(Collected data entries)
+ + +
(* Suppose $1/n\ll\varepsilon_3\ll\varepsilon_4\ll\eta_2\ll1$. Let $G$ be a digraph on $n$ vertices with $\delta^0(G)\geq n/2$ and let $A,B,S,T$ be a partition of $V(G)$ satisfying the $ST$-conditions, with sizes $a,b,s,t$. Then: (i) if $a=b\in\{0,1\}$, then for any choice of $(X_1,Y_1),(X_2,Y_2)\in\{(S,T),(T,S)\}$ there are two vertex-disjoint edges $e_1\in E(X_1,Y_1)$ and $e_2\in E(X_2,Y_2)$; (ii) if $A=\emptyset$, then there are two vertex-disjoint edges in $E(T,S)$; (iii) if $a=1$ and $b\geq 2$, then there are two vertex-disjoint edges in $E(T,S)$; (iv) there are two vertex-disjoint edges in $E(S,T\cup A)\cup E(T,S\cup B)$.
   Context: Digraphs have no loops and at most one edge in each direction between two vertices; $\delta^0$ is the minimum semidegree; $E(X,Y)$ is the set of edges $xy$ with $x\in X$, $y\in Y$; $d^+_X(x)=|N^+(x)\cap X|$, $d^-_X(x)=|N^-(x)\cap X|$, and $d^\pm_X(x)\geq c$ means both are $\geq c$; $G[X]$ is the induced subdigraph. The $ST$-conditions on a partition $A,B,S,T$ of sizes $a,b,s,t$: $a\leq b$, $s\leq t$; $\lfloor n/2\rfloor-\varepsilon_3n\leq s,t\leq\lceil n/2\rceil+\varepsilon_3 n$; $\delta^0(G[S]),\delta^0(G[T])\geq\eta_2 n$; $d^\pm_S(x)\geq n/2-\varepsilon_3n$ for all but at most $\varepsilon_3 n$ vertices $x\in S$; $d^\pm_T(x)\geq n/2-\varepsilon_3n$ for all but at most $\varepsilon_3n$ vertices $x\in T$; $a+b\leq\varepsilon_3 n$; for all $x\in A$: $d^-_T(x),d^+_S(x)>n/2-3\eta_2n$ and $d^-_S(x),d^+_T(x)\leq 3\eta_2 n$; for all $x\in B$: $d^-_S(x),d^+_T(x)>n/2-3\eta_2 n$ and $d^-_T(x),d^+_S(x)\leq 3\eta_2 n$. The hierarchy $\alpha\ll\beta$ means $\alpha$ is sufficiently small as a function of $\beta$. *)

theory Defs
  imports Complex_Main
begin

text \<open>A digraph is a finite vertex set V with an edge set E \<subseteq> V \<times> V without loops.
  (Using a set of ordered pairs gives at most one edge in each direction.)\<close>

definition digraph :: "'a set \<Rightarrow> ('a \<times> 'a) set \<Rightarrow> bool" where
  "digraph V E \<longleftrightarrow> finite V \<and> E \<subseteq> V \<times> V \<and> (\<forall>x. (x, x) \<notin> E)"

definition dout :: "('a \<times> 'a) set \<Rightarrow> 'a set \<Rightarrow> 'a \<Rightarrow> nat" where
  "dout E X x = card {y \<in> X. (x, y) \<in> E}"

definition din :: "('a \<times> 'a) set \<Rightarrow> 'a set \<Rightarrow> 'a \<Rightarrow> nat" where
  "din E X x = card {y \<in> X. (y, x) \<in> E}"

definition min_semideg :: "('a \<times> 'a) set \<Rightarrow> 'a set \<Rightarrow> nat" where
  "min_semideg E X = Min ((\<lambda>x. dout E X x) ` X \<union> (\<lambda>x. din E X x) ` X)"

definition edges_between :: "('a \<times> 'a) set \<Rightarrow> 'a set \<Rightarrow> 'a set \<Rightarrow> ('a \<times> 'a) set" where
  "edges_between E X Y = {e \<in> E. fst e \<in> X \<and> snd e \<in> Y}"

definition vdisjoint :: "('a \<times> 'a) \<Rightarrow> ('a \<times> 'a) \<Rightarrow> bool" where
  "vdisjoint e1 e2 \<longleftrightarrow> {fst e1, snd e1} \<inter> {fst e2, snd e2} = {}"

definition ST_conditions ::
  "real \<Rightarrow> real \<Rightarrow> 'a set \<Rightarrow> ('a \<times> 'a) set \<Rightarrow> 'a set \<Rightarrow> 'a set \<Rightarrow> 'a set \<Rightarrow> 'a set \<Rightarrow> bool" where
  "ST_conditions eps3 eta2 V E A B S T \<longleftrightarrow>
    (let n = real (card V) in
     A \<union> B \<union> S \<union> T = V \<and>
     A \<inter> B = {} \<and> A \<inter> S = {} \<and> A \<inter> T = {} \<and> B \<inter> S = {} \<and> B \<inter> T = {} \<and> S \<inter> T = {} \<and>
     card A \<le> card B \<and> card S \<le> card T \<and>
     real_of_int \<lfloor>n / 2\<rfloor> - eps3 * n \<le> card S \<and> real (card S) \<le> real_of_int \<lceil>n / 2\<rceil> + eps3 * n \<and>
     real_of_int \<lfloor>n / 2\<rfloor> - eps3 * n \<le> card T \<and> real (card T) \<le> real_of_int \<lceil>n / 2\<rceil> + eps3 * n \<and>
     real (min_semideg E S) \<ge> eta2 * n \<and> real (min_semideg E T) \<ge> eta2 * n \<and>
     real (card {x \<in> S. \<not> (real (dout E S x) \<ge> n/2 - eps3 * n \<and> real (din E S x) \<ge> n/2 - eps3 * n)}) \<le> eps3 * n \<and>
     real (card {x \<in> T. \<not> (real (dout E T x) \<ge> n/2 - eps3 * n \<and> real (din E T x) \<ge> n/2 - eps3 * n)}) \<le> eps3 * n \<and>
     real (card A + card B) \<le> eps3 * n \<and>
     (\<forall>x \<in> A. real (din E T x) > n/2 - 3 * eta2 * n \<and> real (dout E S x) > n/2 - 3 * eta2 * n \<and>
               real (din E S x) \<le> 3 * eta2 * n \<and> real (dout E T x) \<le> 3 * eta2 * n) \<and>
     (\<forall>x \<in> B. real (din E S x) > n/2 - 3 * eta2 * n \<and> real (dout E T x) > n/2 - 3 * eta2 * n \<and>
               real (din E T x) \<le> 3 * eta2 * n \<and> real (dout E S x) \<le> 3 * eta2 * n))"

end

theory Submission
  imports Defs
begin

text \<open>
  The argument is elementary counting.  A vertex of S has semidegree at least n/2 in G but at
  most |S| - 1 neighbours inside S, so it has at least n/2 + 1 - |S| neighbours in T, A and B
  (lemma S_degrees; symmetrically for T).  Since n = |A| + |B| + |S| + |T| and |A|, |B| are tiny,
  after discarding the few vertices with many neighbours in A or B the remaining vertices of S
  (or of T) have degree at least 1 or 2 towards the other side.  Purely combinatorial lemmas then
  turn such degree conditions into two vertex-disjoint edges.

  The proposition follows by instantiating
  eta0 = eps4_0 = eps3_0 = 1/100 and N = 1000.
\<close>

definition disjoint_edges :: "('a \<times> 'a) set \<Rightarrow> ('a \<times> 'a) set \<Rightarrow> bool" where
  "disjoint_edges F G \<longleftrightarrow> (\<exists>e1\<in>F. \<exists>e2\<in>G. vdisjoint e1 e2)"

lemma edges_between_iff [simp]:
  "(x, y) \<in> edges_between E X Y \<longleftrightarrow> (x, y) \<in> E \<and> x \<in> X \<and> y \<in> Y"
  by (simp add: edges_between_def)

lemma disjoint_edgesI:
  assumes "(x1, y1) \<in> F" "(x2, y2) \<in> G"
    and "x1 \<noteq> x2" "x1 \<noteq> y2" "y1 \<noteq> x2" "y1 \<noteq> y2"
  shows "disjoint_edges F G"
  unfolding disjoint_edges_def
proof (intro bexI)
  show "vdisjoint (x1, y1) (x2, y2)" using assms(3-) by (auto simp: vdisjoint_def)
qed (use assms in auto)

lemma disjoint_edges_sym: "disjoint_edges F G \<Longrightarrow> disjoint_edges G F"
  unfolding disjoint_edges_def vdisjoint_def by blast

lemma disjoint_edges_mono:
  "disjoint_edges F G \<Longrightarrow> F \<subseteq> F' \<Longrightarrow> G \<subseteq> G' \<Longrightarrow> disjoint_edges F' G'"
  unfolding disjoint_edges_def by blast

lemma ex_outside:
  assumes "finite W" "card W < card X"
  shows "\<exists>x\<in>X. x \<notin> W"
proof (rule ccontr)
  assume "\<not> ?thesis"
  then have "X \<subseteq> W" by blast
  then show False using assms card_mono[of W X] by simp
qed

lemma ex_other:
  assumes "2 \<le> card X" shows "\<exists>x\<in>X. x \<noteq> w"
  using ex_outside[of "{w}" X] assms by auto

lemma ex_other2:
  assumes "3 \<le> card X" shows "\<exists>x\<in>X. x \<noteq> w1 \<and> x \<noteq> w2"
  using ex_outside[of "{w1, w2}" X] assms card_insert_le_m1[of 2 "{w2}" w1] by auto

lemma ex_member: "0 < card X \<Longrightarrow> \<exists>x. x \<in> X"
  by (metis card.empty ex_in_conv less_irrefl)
+ + +
▶ **WORK REQUEST**
The answer must be every line from the entries above that holds the string "unfolding".

▶ **TASK OUTPUT**
  unfolding disjoint_edges_def
  unfolding disjoint_edges_def vdisjoint_def by blast
  unfolding disjoint_edges_def by blast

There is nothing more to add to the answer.